Collected data:
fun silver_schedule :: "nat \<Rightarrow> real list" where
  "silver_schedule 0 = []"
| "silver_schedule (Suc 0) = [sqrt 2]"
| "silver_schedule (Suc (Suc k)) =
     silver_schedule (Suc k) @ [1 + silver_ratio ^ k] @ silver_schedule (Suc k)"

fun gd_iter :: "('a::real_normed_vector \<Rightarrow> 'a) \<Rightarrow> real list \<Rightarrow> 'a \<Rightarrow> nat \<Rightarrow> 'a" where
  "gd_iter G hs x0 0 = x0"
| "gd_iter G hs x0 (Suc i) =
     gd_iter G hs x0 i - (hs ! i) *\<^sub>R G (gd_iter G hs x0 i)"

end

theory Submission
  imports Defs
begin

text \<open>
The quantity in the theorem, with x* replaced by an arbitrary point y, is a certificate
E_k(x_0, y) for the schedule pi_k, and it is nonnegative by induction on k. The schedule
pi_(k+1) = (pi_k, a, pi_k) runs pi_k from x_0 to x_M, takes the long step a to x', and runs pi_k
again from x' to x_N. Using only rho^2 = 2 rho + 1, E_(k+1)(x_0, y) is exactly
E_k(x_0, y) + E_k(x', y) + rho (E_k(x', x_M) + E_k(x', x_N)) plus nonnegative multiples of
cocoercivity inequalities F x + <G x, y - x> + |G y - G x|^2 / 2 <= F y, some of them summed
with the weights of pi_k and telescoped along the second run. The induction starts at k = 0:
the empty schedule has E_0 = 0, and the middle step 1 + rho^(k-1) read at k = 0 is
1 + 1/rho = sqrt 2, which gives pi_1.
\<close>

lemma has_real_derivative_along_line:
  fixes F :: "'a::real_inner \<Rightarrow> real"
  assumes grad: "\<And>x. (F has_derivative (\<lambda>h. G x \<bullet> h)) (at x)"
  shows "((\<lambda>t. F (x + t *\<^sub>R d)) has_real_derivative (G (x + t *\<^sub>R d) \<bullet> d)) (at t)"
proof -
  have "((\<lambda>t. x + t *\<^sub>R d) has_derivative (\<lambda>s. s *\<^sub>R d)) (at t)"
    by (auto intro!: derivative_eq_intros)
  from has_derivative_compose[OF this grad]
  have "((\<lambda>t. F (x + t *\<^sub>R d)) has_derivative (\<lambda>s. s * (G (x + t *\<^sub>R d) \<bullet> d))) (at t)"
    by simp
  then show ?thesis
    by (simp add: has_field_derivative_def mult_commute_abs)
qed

> REQUIREMENT
The answer must hold exactly the lines of the entries above, from the first line through the line that contains "pi_(k+1) = (pi_k, a, pi_k)", and no others.

> TASK RESULT
fun silver_schedule :: "nat \<Rightarrow> real list" where
  "silver_schedule 0 = []"
| "silver_schedule (Suc 0) = [sqrt 2]"
| "silver_schedule (Suc (Suc k)) =
     silver_schedule (Suc k) @ [1 + silver_ratio ^ k] @ silver_schedule (Suc k)"

fun gd_iter :: "('a::real_normed_vector \<Rightarrow> 'a) \<Rightarrow> real list \<Rightarrow> 'a \<Rightarrow> nat \<Rightarrow> 'a" where
  "gd_iter G hs x0 0 = x0"
| "gd_iter G hs x0 (Suc i) =
     gd_iter G hs x0 i - (hs ! i) *\<^sub>R G (gd_iter G hs x0 i)"

end

theory Submission
  imports Defs
begin

text \<open>
The quantity in the theorem, with x* replaced by an arbitrary point y, is a certificate
E_k(x_0, y) for the schedule pi_k, and it is nonnegative by induction on k. The schedule
pi_(k+1) = (pi_k, a, pi_k) runs pi_k from x_0 to x_M, takes the long step a to x', and runs pi_k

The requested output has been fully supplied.